+++ EXERCISE MATERIALS

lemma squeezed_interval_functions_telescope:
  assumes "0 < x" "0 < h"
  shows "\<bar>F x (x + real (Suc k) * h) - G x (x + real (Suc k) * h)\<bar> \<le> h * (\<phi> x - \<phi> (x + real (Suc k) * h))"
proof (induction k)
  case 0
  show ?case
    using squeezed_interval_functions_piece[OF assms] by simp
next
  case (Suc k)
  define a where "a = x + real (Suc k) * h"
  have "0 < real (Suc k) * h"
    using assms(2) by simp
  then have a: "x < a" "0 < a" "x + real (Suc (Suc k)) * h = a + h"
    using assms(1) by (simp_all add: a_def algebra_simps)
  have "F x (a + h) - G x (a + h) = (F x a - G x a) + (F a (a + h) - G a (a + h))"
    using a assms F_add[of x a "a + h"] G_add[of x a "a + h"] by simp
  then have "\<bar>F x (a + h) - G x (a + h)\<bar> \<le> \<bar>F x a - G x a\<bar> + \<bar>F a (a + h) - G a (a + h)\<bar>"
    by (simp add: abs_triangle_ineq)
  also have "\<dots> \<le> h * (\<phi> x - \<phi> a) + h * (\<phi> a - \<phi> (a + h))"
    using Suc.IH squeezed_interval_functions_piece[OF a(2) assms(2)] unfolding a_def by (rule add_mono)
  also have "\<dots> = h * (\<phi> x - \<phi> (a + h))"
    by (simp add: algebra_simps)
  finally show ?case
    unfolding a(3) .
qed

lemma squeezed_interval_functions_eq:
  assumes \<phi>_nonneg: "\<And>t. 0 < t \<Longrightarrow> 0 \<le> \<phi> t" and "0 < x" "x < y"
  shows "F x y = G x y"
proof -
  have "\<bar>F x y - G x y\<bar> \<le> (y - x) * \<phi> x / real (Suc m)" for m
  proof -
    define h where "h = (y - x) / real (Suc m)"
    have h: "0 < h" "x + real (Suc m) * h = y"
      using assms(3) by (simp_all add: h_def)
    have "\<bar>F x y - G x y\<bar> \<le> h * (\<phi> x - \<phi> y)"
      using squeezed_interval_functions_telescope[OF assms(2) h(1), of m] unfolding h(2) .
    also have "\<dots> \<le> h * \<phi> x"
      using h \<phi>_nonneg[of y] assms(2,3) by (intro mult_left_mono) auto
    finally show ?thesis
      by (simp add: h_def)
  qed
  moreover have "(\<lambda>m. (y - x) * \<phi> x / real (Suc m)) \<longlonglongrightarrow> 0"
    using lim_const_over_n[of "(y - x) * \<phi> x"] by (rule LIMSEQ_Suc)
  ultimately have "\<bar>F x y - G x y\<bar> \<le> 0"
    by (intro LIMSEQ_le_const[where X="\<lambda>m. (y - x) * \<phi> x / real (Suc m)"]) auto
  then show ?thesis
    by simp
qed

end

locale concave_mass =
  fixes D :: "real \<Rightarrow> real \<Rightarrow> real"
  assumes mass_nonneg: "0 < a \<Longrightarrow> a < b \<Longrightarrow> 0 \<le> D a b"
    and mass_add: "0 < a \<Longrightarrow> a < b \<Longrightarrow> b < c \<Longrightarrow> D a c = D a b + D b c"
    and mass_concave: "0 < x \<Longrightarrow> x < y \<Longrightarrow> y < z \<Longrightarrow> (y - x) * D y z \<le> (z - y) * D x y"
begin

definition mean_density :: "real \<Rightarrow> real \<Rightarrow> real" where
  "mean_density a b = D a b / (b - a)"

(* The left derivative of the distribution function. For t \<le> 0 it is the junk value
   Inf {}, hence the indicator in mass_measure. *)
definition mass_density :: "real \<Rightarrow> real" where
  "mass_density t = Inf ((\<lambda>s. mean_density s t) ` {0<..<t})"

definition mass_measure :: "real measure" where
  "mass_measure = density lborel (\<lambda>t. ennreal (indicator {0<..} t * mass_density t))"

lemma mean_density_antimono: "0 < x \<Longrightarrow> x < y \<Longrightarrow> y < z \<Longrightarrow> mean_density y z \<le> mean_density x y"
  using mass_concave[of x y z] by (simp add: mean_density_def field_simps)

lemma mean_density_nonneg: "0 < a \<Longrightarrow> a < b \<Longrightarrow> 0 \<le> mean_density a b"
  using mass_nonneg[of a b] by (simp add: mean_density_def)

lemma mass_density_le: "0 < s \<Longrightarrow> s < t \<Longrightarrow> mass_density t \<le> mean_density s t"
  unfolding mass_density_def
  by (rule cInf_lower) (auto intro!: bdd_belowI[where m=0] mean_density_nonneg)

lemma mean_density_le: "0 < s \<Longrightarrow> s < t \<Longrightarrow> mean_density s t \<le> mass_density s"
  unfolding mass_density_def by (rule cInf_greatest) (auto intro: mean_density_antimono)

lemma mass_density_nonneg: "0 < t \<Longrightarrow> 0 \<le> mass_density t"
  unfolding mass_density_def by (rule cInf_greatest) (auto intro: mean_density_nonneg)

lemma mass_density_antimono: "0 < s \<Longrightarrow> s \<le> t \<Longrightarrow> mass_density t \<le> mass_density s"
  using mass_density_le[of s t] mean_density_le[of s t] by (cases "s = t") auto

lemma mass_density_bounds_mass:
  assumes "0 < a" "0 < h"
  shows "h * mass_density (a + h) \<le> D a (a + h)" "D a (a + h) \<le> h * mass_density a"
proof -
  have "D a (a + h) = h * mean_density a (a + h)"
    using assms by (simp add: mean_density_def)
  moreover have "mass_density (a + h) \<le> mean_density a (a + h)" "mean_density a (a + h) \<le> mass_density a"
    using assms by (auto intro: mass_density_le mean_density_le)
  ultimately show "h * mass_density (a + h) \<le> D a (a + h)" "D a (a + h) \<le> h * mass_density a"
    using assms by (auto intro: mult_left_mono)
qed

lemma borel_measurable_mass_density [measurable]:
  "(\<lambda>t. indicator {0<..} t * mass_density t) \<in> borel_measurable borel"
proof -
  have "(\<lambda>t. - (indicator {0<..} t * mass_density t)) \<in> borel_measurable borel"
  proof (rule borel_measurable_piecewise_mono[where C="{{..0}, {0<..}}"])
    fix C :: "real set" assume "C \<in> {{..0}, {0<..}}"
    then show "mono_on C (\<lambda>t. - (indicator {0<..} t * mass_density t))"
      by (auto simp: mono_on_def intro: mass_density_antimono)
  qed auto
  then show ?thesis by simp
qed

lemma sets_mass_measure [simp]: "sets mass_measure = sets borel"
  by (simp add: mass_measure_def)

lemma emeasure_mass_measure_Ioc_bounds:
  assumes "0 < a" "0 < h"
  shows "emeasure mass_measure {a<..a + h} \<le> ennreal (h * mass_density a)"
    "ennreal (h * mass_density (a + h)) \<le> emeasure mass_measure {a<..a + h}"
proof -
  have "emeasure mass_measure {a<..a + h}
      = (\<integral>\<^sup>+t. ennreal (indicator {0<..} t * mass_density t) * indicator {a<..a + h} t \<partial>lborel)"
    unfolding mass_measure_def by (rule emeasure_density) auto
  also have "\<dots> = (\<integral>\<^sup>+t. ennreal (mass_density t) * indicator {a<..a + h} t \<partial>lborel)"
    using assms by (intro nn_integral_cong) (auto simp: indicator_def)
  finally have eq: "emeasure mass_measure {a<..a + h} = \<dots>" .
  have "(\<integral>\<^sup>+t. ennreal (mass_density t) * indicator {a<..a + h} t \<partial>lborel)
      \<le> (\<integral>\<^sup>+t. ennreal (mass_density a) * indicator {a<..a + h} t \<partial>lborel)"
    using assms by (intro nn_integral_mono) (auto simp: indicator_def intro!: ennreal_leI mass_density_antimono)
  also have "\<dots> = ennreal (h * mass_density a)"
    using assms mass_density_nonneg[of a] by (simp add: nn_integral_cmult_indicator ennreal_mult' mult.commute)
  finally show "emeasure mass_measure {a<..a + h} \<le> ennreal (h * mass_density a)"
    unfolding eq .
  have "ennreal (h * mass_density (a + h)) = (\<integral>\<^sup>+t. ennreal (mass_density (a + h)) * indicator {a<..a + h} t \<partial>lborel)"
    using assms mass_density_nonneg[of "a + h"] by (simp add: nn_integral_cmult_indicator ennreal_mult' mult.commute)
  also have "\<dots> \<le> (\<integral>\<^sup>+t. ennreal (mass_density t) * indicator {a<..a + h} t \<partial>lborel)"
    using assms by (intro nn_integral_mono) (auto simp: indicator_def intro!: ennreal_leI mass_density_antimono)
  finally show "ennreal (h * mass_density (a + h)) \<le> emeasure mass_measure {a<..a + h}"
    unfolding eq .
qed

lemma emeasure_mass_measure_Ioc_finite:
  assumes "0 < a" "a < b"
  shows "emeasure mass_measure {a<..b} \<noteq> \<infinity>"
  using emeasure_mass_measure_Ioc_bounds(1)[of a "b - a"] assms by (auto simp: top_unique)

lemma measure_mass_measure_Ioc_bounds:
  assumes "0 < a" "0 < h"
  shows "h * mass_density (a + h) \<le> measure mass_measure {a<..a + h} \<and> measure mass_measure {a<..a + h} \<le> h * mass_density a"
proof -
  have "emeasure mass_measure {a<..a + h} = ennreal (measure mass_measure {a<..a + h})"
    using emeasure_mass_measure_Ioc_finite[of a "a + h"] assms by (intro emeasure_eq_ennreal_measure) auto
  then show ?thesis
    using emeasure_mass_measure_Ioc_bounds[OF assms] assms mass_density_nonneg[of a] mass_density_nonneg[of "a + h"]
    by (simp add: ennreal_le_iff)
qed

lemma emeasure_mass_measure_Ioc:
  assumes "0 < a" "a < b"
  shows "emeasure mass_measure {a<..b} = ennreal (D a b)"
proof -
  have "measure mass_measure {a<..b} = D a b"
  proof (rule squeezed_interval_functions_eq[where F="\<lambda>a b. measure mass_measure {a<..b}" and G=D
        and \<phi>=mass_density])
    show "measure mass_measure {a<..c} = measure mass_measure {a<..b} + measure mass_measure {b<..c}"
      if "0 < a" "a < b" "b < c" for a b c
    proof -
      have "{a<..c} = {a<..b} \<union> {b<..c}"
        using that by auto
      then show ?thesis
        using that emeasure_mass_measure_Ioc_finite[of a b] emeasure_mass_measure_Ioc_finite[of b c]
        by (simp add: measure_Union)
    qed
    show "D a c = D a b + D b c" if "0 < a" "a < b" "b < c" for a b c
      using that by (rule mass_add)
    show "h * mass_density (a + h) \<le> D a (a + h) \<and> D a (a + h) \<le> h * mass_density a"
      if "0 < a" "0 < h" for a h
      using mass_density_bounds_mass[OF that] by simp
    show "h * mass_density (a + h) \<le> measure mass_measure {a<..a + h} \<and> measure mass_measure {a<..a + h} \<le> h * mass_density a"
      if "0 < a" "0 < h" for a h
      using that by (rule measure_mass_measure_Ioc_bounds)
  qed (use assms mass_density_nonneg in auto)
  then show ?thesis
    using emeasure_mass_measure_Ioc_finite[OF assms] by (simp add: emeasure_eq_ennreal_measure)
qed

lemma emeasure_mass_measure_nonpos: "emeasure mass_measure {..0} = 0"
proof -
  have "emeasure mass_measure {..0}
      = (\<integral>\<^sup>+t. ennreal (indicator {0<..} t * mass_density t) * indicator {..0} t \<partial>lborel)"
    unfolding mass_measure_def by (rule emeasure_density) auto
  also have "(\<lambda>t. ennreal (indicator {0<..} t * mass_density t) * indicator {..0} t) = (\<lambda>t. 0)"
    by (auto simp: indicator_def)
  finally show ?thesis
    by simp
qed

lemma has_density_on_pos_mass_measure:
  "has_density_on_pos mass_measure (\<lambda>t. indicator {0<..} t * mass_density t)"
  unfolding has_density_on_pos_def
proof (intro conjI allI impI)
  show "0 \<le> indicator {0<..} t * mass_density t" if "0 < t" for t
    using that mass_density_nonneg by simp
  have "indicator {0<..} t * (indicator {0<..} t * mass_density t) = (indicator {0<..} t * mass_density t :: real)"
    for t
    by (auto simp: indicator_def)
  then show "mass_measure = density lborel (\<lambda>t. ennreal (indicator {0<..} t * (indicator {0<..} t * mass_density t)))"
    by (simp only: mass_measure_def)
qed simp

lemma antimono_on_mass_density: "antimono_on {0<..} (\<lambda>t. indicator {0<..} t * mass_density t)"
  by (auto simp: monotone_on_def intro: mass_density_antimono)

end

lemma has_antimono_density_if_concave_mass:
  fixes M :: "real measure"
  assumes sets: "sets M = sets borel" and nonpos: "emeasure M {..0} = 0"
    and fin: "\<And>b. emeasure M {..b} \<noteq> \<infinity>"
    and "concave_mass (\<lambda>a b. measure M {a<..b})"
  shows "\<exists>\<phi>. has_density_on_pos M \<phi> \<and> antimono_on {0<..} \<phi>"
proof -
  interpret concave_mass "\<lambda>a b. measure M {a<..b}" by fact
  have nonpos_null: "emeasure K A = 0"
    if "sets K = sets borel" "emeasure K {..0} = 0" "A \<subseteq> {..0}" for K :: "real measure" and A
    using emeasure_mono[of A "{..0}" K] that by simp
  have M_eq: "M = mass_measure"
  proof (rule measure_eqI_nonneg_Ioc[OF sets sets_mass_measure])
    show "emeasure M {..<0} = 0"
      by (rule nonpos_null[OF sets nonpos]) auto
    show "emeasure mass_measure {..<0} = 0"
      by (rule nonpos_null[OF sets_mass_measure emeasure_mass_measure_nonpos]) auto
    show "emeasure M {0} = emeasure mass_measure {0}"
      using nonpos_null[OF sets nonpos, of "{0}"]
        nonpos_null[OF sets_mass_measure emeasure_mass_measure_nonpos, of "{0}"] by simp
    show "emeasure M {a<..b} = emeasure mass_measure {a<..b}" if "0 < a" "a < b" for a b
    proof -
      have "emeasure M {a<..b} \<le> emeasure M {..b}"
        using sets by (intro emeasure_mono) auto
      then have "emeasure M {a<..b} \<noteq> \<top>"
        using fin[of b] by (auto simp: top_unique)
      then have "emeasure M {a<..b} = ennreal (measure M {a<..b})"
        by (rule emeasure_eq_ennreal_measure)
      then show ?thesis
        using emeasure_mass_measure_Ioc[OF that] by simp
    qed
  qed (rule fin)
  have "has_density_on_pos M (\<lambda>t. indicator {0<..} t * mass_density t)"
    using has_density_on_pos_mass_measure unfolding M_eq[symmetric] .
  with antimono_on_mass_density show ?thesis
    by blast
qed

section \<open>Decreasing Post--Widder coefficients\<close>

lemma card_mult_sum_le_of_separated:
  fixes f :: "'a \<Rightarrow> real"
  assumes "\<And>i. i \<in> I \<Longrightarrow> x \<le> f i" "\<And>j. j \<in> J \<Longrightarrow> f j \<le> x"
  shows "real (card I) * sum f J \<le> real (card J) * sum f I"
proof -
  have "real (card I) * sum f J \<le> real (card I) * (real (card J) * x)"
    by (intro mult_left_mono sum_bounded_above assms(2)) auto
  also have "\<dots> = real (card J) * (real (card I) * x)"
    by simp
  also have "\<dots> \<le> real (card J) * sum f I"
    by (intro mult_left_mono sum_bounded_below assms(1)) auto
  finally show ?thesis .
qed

++++++

_PROBLEM TO SOLVE_.
Retype the records above, but only those lines that fall between the line containing "using assms(3) by (simp_all add: h_def)" and the line containing "0 \<le> D a", with both of those lines included, exactly as written.

_TASK ANSWER_.
      using assms(3) by (simp_all add: h_def)
    have "\<bar>F x y - G x y\<bar> \<le> h * (\<phi> x - \<phi> y)"
      using squeezed_interval_functions_telescope[OF assms(2) h(1), of m] unfolding h(2) .
    also have "\<dots> \<le> h * \<phi> x"
      using h \<phi>_nonneg[of y] assms(2,3) by (intro mult_left_mono) auto
    finally show ?thesis
      by (simp add: h_def)
  qed
  moreover have "(\<lambda>m. (y - x) * \<phi> x / real (Suc m)) \<longlonglongrightarrow> 0"
    using lim_const_over_n[of "(y - x) * \<phi> x"] by (rule LIMSEQ_Suc)
  ultimately have "\<bar>F x y - G x y\<bar> \<le> 0"
    by (intro LIMSEQ_le_const[where X="\<lambda>m. (y - x) * \<phi> x / real (Suc m)"]) auto
  then show ?thesis
    by simp
qed

end

locale concave_mass =
  fixes D :: "real \<Rightarrow> real \<Rightarrow> real"
  assumes mass_nonneg: "0 < a \<Longrightarrow> a < b \<Longrightarrow> 0 \<le> D a b"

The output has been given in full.